### PROBLEM
From the entries below, return exactly the lines beginning at the one that contains "R (BS (x, y)" and ending at the one that contains "R (BS (s, t)", both of them included, and only those lines.

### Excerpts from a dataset
lemma delayed_answer_progress:
  assumes "immediate_answer step tau R b x' y = None" and "branching_answer step tau R x b x' y n"
  defines "y1 \<equiv> delayed_answer step tau R x b x' y"
  shows "step y tau y1 \<and> (x, y1) \<in> R \<and>
    answer_depth step tau R x b x' y1 < answer_depth step tau R x b x' y"
proof -
  let ?depth = "answer_depth step tau R x b x' y"
  have "branching_answer step tau R x b x' y ?depth"
    unfolding answer_depth_def by (rule LeastI) (fact assms(2))
  moreover have "\<not> branching_answer step tau R x b x' y 0"
    using assms(1) unfolding immediate_answer_def
    by (auto split: if_splits elim: branching_answer.cases)
  ultimately obtain y2 m where "?depth = Suc m" "step y tau y2" "(x, y2) \<in> R"
    "branching_answer step tau R x b x' y2 m"
    by (cases ?depth) (auto elim: branching_answer.cases)
  moreover from this have "answer_depth step tau R x b x' y2 \<le> m"
    unfolding answer_depth_def by (blast intro: Least_le)
  ultimately have "\<exists>y1. step y tau y1 \<and> (x, y1) \<in> R \<and> answer_depth step tau R x b x' y1 < ?depth"
    by auto
  then show ?thesis unfolding y1_def delayed_answer_def by (rule someI_ex)
qed

section \<open>Winning strategies from a branching bisimulation\<close>

fun bisimulation_bstrategy :: "('s, 'a) lts \<Rightarrow> 'a \<Rightarrow> ('s \<times> 's) set \<Rightarrow> ('s, 'a) bconf \<Rightarrow> ('s, 'a) bconf"
  where
  "bisimulation_bstrategy step tau R (BD (x, y) (Some (b, x')) r) =
     (case immediate_answer step tau R b x' y of
        Some y' \<Rightarrow> BS (x', y') None True
      | None \<Rightarrow> BS (x, delayed_answer step tau R x b x' y) (Some (b, x')) False)"
| "bisimulation_bstrategy step tau R c = c"

fun bisimulation_binv :: "('s, 'a) lts \<Rightarrow> ('s \<times> 's) set \<Rightarrow> ('s, 'a) bconf \<Rightarrow> bool" where
  "bisimulation_binv step R (BS (x, y) c r) \<longleftrightarrow> (x, y) \<in> R"
| "bisimulation_binv step R (BD (x, y) c r) \<longleftrightarrow> (x, y) \<in> R \<and> (\<exists>b x'. c = Some (b, x') \<and> step x b x')"

fun bisimulation_brank :: "('s, 'a) lts \<Rightarrow> 'a \<Rightarrow> ('s \<times> 's) set \<Rightarrow> ('s, 'a) bconf \<Rightarrow> nat" where
  "bisimulation_brank step tau R (BD (x, y) (Some (b, x')) r) = answer_depth step tau R x b x' y"
| "bisimulation_brank step tau R c = 0"

lemma bmove_alternating: "alternating (bmove step tau) bdup"
  unfolding alternating_def by (auto elim: bmove.elims)

lemma branching_bisim_if_bisimulation:
  fixes step :: "('s, 'a) lts"
  assumes bisim: "branching_bisimulation step tau R" and "(s, t) \<in> R"
  shows "branching_bisim step tau s t"
  unfolding branching_bisim_def
proof (rule dup_wins_by_invariant_and_rank[where INV = "bisimulation_binv step R"
      and answer = "bisimulation_bstrategy step tau R" and rank = "bisimulation_brank step tau R"])
  show "bisimulation_binv step R (BS (s, t) None False)" using \<open>(s, t) \<in> R\<close> by simp
next
  show "alternating (bmove step tau) bdup" by (rule bmove_alternating)
next
  fix c c' :: "('s, 'a) bconf"
  assume "bisimulation_binv step R c" "\<not> bdup c" "bmove step tau c c'"
  moreover note branching_bisimulationD(1)[OF bisim]
  ultimately show "bisimulation_binv step R c'" by (cases c rule: bdup.cases) auto
next
  fix c :: "('s, 'a) bconf"
  assume "bisimulation_binv step R c" "bdup c"
  then obtain x y b x' r where c: "c = BD (x, y) (Some (b, x')) r" and "(x, y) \<in> R" "step x b x'"
    by (cases c rule: bdup.cases) auto
  then obtain n where answer: "branching_answer step tau R x b x' y n"
    using branching_bisimulationD(2)[OF bisim] by blast
  show "bmove step tau c (bisimulation_bstrategy step tau R c) \<and>
      bisimulation_binv step R (bisimulation_bstrategy step tau R c)"
  proof (cases "immediate_answer step tau R b x' y")
    case None
    with delayed_answer_progress[OF None answer] show ?thesis using c \<open>step x b x'\<close> by auto
  next
    case (Some y')
    with immediate_answer_Some[OF Some] show ?thesis using c by auto
  qed
next
  fix c c' :: "('s, 'a) bconf"
  assume "bisimulation_binv step R c" "bdup c"
    and unrewarded: "\<not> breward (bisimulation_bstrategy step tau R c)"
    and move: "bmove step tau (bisimulation_bstrategy step tau R c) c'" and "\<not> breward c'"
  then obtain x y b x' r where c: "c = BD (x, y) (Some (b, x')) r" and "(x, y) \<in> R" "step x b x'"
    by (cases c rule: bdup.cases) auto
  then obtain n where answer: "branching_answer step tau R x b x' y n"
    using branching_bisimulationD(2)[OF bisim] by blast
  have None: "immediate_answer step tau R b x' y = None"
    using unrewarded c by (auto split: option.splits)
  then have "c' = BD (x, delayed_answer step tau R x b x' y) (Some (b, x')) False"
    using move c \<open>\<not> breward c'\<close> by auto
  then show "bisimulation_brank step tau R c' < bisimulation_brank step tau R c"
    using delayed_answer_progress[OF None answer] c by simp
qed

fun bisimulation_gstrategy :: "('s, 'a) lts \<Rightarrow> 'a \<Rightarrow> ('s \<times> 's) set \<Rightarrow> ('s, 'a) gconf \<Rightarrow> ('s, 'a) gconf"
  where
  "bisimulation_gstrategy step tau R (GD (x, y) (Some (b, x')) m r) =
     (case immediate_answer step tau R b x' y of
        Some y' \<Rightarrow> GS (x', y') None None True
      | None \<Rightarrow> GS (x, delayed_answer step tau R x b x' y) (Some (b, x'))
          (Some (delayed_answer step tau R x b x' y, Frown)) False)"
| "bisimulation_gstrategy step tau R c = c"

fun bisimulation_ginv :: "('s, 'a) lts \<Rightarrow> ('s \<times> 's) set \<Rightarrow> ('s, 'a) gconf \<Rightarrow> bool" where
  "bisimulation_ginv step R (GS (x, y) c m r) \<longleftrightarrow>
     (x, y) \<in> R \<and> (\<forall>b x'. c = Some (b, x') \<longrightarrow> step x b x' \<and> m = Some (y, Frown))"
| "bisimulation_ginv step R (GD (x, y) c m r) \<longleftrightarrow>
     (x, y) \<in> R \<and> (\<exists>b x'. c = Some (b, x') \<and> step x b x' \<and> m = Some (y, Frown))"

fun bisimulation_grank :: "('s, 'a) lts \<Rightarrow> 'a \<Rightarrow> ('s \<times> 's) set \<Rightarrow> ('s, 'a) gconf \<Rightarrow> nat" where
  "bisimulation_grank step tau R (GD (x, y) (Some (b, x')) m r) = answer_depth step tau R x b x' y"
| "bisimulation_grank step tau R c = 0"

lemma gmove_alternating: "alternating (gmove step tau) gdup"
  unfolding alternating_def by (auto elim: gmove.elims)

lemma empty_generic_bisim_if_bisimulation:
  fixes step :: "('s, 'a) lts"
  assumes bisim: "branching_bisimulation step tau R" and "(s, t) \<in> R"
  shows "empty_generic_bisim step tau s t"
  unfolding empty_generic_bisim_def
proof (rule dup_wins_by_invariant_and_rank[where INV = "bisimulation_ginv step R"
      and answer = "bisimulation_gstrategy step tau R" and rank = "bisimulation_grank step tau R"])
  show "bisimulation_ginv step R (GS (s, t) None None False)" using \<open>(s, t) \<in> R\<close> by simp
next
  show "alternating (gmove step tau) gdup" by (rule gmove_alternating)
next
  fix c c' :: "('s, 'a) gconf"
  assume "bisimulation_ginv step R c" "\<not> gdup c" "gmove step tau c c'"
  moreover note branching_bisimulationD(1)[OF bisim]
  ultimately show "bisimulation_ginv step R c'" by (cases c rule: gdup.cases) auto
next
  fix c :: "('s, 'a) gconf"
  assume "bisimulation_ginv step R c" "gdup c"
  then obtain x y b x' r where c: "c = GD (x, y) (Some (b, x')) (Some (y, Frown)) r"
    and "(x, y) \<in> R" "step x b x'"
    by (cases c rule: gdup.cases) auto
  then obtain n where answer: "branching_answer step tau R x b x' y n"
    using branching_bisimulationD(2)[OF bisim] by blast
  show "gmove step tau c (bisimulation_gstrategy step tau R c) \<and>
      bisimulation_ginv step R (bisimulation_gstrategy step tau R c)"
  proof (cases "immediate_answer step tau R b x' y")
    case None
    with delayed_answer_progress[OF None answer] show ?thesis using c \<open>step x b x'\<close> by auto
  next
    case (Some y')
    with immediate_answer_Some[OF Some] show ?thesis using c by auto
  qed
next
  fix c c' :: "('s, 'a) gconf"
  assume "bisimulation_ginv step R c" "gdup c"
    and unrewarded: "\<not> greward (bisimulation_gstrategy step tau R c)"
    and move: "gmove step tau (bisimulation_gstrategy step tau R c) c'" and "\<not> greward c'"
  then obtain x y b x' r where c: "c = GD (x, y) (Some (b, x')) (Some (y, Frown)) r"
    and "(x, y) \<in> R" "step x b x'"
    by (cases c rule: gdup.cases) auto
  then obtain n where answer: "branching_answer step tau R x b x' y n"
    using branching_bisimulationD(2)[OF bisim] by blast
  have None: "immediate_answer step tau R b x' y = None"
    using unrewarded c by (auto split: option.splits)
  define y1 where "y1 = delayed_answer step tau R x b x' y"
  have "c' = GD (x, y1) (Some (b, x')) (Some (y1, Frown)) False"
    using move c None \<open>\<not> greward c'\<close> unfolding y1_def by auto
  then show "bisimulation_grank step tau R c' < bisimulation_grank step tau R c"
    using delayed_answer_progress[OF None answer] c unfolding y1_def by simp
qed

section \<open>Branching bisimulations from winning strategies\<close>

definition reached_bpairs ::
  "('s, 'a) lts \<Rightarrow> 'a \<Rightarrow> (('s, 'a) bconf list \<Rightarrow> ('s, 'a) bconf) \<Rightarrow> ('s, 'a) bconf \<Rightarrow> ('s \<times> 's) set"
  where
  "reached_bpairs step tau \<sigma> c0 =
     {(x, y). \<exists>h c r. consistent_history (bmove step tau) bdup \<sigma> c0 h \<and> last h = BS (x, y) c r}"

lemma reached_bpairsI:
  "consistent_history (bmove step tau) bdup \<sigma> c0 h \<Longrightarrow> last h = BS (x, y) c r \<Longrightarrow>
    (x, y) \<in> reached_bpairs step tau \<sigma> c0"
  unfolding reached_bpairs_def by blast

lemma winning_bstrategy_answers:
  assumes win: "winning_strategy (bmove step tau) bdup breward \<sigma> c0"
    and h: "consistent_history (bmove step tau) bdup \<sigma> c0 h" "last h = BD (x, y) (Some (b, x')) r"
    and "step x b x'"
  shows "\<exists>n. branching_answer step tau (reached_bpairs step tau \<sigma> c0) x b x' y n"
proof (rule ccontr)
  let ?Q = "reached_bpairs step tau \<sigma> c0"
  let ?unanswered = "\<lambda>y. \<not> (\<exists>n. branching_answer step tau ?Q x b x' y n)"
  assume "?unanswered y"
  show False
  proof (rule winning_strategy_not_trapped[OF win h(1) _ bmove_alternating,
        where Trap = "\<lambda>c. \<exists>y r. c = BD (x, y) (Some (b, x')) r \<and> ?unanswered y"])
    show "\<exists>y r. last h = BD (x, y) (Some (b, x')) r \<and> ?unanswered y"
      using h \<open>?unanswered y\<close> by blast
  next
    fix h assume h: "consistent_history (bmove step tau) bdup \<sigma> c0 h"
      and "\<exists>y r. last h = BD (x, y) (Some (b, x')) r \<and> ?unanswered y"
    then obtain y r where last: "last h = BD (x, y) (Some (b, x')) r" and "?unanswered y" by blast
    then have "bmove step tau (last h) (\<sigma> h)"
      and h': "consistent_history (bmove step tau) bdup \<sigma> c0 (h @ [\<sigma> h])"
      using winning_strategy_move[OF win h] by auto
    then consider "b = tau" "\<sigma> h = BS (x', y) None True"
      | v' where "step y b v'" "\<sigma> h = BS (x', v') None True"
      | v' where "step y tau v'" "\<sigma> h = BS (x, v') (Some (b, x')) False"
      using last by auto
    then show "\<exists>c'. \<not> breward (\<sigma> h) \<and> bmove step tau (\<sigma> h) c' \<and> \<not> breward c' \<and>
        (\<exists>y r. c' = BD (x, y) (Some (b, x')) r \<and> ?unanswered y)"
    proof cases
      case 1
      have "(x', y) \<in> ?Q" by (rule reached_bpairsI[OF h']) (auto simp: 1)
      then show ?thesis using 1 \<open>?unanswered y\<close> answer_silent by metis
    next
      case (2 v')
      have "(x', v') \<in> ?Q" by (rule reached_bpairsI[OF h']) (auto simp: 2)
      then show ?thesis using 2 \<open>?unanswered y\<close> answer_step by metis
    next
      case (3 v')
      have "(x, v') \<in> ?Q" by (rule reached_bpairsI[OF h']) (auto simp: 3)
      then have "?unanswered v'" using 3 \<open>?unanswered y\<close> answer_delay by metis
      then show ?thesis
        using 3 \<open>step x b x'\<close> by (intro exI[of _ "BD (x, v') (Some (b, x')) False"]) auto
    qed
  next
    fix c assume "\<exists>y r. c = BD (x, y) (Some (b, x')) r \<and> ?unanswered y"
    then show "bdup c" by auto
  qed
qed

### TASK RESULT
  "bisimulation_binv step R (BS (x, y) c r) \<longleftrightarrow> (x, y) \<in> R"
| "bisimulation_binv step R (BD (x, y) c r) \<longleftrightarrow> (x, y) \<in> R \<and> (\<exists>b x'. c = Some (b, x') \<and> step x b x')"

fun bisimulation_brank :: "('s, 'a) lts \<Rightarrow> 'a \<Rightarrow> ('s \<times> 's) set \<Rightarrow> ('s, 'a) bconf \<Rightarrow> nat" where
  "bisimulation_brank step tau R (BD (x, y) (Some (b, x')) r) = answer_depth step tau R x b x' y"
| "bisimulation_brank step tau R c = 0"

lemma bmove_alternating: "alternating (bmove step tau) bdup"
  unfolding alternating_def by (auto elim: bmove.elims)

lemma branching_bisim_if_bisimulation:
  fixes step :: "('s, 'a) lts"
  assumes bisim: "branching_bisimulation step tau R" and "(s, t) \<in> R"
  shows "branching_bisim step tau s t"
  unfolding branching_bisim_def
proof (rule dup_wins_by_invariant_and_rank[where INV = "bisimulation_binv step R"
      and answer = "bisimulation_bstrategy step tau R" and rank = "bisimulation_brank step tau R"])
  show "bisimulation_binv step R (BS (s, t) None False)" using \<open>(s, t) \<in> R\<close> by simp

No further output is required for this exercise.